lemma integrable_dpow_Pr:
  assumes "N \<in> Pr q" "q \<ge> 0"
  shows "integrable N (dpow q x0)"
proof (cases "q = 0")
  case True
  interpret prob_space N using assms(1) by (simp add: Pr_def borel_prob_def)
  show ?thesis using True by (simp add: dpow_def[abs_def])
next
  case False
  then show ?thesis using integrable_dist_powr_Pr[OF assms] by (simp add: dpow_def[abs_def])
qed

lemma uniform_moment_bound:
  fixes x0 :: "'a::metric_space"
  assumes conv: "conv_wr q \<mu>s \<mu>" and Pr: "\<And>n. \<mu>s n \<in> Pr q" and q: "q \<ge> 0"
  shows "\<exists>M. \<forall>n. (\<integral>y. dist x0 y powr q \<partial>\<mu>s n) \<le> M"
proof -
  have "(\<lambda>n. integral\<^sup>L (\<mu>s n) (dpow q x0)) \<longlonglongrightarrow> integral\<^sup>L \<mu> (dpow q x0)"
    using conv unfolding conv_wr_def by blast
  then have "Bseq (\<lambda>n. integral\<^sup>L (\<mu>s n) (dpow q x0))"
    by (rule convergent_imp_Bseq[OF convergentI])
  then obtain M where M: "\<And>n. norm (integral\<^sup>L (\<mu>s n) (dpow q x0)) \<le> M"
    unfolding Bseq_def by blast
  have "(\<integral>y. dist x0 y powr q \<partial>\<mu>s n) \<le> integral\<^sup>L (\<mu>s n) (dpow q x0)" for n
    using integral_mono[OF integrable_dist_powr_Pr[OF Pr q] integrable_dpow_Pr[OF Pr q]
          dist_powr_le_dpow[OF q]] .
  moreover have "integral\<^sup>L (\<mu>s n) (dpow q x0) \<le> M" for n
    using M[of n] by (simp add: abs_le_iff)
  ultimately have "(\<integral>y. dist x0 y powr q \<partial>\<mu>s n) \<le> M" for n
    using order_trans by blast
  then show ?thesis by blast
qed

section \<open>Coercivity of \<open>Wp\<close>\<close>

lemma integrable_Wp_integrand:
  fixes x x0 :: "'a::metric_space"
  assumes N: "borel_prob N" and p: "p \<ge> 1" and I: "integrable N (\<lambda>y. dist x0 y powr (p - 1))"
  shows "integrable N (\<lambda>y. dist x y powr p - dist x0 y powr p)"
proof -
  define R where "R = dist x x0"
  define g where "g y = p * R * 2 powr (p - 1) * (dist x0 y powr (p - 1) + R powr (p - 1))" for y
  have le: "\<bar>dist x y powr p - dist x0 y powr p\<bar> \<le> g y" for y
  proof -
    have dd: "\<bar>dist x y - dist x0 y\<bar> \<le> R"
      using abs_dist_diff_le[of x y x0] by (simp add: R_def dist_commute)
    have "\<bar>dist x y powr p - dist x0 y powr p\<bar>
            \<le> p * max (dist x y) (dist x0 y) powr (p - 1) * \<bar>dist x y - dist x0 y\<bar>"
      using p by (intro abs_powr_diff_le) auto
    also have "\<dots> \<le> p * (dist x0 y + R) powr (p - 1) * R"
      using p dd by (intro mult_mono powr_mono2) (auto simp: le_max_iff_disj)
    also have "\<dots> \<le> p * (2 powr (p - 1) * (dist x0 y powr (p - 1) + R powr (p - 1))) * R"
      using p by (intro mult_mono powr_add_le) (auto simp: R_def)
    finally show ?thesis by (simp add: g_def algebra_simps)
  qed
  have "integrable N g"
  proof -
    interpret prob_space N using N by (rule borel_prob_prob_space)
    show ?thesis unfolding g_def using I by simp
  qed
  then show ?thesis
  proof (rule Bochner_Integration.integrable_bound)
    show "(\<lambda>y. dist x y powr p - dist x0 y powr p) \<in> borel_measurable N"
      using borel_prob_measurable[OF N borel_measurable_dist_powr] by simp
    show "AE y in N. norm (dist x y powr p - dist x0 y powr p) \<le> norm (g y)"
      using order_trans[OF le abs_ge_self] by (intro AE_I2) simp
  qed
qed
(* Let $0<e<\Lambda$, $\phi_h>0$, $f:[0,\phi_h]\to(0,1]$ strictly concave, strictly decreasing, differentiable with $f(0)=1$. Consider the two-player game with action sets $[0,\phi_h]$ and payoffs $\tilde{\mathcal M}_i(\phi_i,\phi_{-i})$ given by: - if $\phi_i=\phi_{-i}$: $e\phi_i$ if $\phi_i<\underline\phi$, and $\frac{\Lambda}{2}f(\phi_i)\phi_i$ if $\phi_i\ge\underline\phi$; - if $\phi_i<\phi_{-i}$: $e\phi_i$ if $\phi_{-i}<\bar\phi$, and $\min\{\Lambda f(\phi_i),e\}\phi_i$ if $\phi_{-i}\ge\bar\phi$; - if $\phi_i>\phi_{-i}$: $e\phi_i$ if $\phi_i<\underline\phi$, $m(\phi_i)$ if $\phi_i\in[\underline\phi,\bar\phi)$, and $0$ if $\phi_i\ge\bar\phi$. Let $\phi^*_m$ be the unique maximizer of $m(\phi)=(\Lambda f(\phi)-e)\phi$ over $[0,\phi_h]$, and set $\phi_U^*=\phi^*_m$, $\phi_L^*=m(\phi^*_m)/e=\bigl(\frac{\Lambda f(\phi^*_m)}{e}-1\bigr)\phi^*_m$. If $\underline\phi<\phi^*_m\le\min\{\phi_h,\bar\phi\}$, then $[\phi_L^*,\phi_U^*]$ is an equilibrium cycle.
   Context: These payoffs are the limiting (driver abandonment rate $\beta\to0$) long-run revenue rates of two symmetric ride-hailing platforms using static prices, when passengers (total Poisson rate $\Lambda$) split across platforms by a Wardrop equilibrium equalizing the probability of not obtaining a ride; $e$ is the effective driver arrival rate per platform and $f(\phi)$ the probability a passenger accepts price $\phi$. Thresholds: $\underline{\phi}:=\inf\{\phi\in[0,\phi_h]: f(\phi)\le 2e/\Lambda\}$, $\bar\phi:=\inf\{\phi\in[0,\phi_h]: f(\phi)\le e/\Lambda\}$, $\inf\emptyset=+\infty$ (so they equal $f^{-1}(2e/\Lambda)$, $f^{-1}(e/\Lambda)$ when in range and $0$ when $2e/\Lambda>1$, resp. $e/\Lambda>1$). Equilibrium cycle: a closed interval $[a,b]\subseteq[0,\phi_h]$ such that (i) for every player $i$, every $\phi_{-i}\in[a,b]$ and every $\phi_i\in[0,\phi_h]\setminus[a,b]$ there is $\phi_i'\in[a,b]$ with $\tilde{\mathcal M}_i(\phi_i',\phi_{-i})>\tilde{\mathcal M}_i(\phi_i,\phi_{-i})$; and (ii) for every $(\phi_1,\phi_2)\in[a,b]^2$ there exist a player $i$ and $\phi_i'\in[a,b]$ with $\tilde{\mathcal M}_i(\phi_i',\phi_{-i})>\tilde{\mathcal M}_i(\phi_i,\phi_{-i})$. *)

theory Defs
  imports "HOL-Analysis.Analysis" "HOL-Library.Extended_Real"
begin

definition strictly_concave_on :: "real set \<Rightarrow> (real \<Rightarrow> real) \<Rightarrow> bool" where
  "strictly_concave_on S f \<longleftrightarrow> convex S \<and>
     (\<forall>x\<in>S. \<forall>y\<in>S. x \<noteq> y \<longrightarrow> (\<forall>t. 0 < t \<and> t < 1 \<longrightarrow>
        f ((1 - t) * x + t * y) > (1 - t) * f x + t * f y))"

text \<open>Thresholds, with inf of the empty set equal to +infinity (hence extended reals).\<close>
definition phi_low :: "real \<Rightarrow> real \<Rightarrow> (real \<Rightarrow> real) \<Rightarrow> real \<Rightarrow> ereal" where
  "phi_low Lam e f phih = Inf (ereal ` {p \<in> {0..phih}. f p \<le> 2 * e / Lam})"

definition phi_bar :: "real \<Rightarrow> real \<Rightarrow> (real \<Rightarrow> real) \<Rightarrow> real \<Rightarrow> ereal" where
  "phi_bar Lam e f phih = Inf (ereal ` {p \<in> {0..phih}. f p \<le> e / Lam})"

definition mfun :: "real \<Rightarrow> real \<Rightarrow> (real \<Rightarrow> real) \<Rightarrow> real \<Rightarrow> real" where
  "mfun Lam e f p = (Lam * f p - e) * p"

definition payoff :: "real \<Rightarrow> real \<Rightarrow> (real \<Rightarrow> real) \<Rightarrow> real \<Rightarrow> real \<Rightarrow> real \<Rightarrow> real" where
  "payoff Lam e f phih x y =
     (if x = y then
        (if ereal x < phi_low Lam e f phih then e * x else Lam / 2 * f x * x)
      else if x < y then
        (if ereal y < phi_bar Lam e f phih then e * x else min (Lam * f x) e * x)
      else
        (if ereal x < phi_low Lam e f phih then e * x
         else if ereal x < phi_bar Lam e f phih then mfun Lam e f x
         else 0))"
⁂
→ Aim of the exercise: One stretch of the lines above is wanted, from the line that contains "then show ?thesis using" through the line that contains "using M[of n] by (simp add: abs_le_iff)". Output it exactly.

→ Your solution:
  then show ?thesis using integrable_dist_powr_Pr[OF assms] by (simp add: dpow_def[abs_def])
qed

lemma uniform_moment_bound:
  fixes x0 :: "'a::metric_space"
  assumes conv: "conv_wr q \<mu>s \<mu>" and Pr: "\<And>n. \<mu>s n \<in> Pr q" and q: "q \<ge> 0"
  shows "\<exists>M. \<forall>n. (\<integral>y. dist x0 y powr q \<partial>\<mu>s n) \<le> M"
proof -
  have "(\<lambda>n. integral\<^sup>L (\<mu>s n) (dpow q x0)) \<longlonglongrightarrow> integral\<^sup>L \<mu> (dpow q x0)"
    using conv unfolding conv_wr_def by blast
  then have "Bseq (\<lambda>n. integral\<^sup>L (\<mu>s n) (dpow q x0))"
    by (rule convergent_imp_Bseq[OF convergentI])
  then obtain M where M: "\<And>n. norm (integral\<^sup>L (\<mu>s n) (dpow q x0)) \<le> M"
    unfolding Bseq_def by blast
  have "(\<integral>y. dist x0 y powr q \<partial>\<mu>s n) \<le> integral\<^sup>L (\<mu>s n) (dpow q x0)" for n
    using integral_mono[OF integrable_dist_powr_Pr[OF Pr q] integrable_dpow_Pr[OF Pr q]
          dist_powr_le_dpow[OF q]] .
  moreover have "integral\<^sup>L (\<mu>s n) (dpow q x0) \<le> M" for n
    using M[of n] by (simp add: abs_le_iff)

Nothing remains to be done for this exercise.